Using the records below, transcribe word for word the stretch from the line that contains "theory Defs" through the line that contains "alpha < kappa", both end lines included, and nothing else.

------------------------------------------------

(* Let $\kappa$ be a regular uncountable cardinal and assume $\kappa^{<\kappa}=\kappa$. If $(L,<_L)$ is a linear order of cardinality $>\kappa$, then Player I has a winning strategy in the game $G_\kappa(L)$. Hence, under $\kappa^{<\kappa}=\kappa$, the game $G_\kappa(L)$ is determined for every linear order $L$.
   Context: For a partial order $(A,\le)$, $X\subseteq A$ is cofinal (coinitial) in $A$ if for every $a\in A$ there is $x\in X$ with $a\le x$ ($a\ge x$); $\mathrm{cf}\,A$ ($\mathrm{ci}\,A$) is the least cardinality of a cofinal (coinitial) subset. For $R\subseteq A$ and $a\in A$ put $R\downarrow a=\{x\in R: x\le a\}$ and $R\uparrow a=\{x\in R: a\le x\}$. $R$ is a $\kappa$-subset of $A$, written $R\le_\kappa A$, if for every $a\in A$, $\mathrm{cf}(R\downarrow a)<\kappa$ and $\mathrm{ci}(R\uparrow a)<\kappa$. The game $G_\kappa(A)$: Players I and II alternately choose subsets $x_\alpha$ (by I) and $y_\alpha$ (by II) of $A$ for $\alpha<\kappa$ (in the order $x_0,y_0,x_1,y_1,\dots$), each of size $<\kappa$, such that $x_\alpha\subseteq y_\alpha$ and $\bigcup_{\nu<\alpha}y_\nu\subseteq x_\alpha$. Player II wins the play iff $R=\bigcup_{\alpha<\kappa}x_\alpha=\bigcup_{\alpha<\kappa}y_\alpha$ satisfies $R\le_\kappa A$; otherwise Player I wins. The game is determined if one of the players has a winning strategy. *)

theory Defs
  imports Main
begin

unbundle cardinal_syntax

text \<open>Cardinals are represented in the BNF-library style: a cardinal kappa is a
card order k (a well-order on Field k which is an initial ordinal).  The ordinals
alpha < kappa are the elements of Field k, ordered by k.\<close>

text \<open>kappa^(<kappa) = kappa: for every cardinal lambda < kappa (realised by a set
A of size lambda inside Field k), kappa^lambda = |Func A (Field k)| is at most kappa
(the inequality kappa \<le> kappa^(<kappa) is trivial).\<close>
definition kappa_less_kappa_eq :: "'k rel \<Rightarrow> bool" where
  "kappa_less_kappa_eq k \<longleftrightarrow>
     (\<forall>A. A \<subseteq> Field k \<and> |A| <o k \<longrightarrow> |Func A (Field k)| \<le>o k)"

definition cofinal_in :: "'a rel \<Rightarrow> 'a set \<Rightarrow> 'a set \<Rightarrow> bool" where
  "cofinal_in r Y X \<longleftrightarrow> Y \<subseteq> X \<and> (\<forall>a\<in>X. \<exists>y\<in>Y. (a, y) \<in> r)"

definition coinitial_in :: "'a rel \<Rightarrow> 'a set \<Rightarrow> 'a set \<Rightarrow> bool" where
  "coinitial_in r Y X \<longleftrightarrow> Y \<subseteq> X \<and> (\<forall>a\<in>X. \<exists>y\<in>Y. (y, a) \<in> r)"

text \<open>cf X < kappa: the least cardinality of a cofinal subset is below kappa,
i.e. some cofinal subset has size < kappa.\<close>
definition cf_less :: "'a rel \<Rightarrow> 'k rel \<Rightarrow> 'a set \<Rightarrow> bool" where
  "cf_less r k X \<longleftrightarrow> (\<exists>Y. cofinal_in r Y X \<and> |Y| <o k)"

------------------------------------------------

- [Response to the exercise]:
theory Defs
  imports Main
begin

unbundle cardinal_syntax

text \<open>Cardinals are represented in the BNF-library style: a cardinal kappa is a
card order k (a well-order on Field k which is an initial ordinal).  The ordinals
alpha < kappa are the elements of Field k, ordered by k.\<close>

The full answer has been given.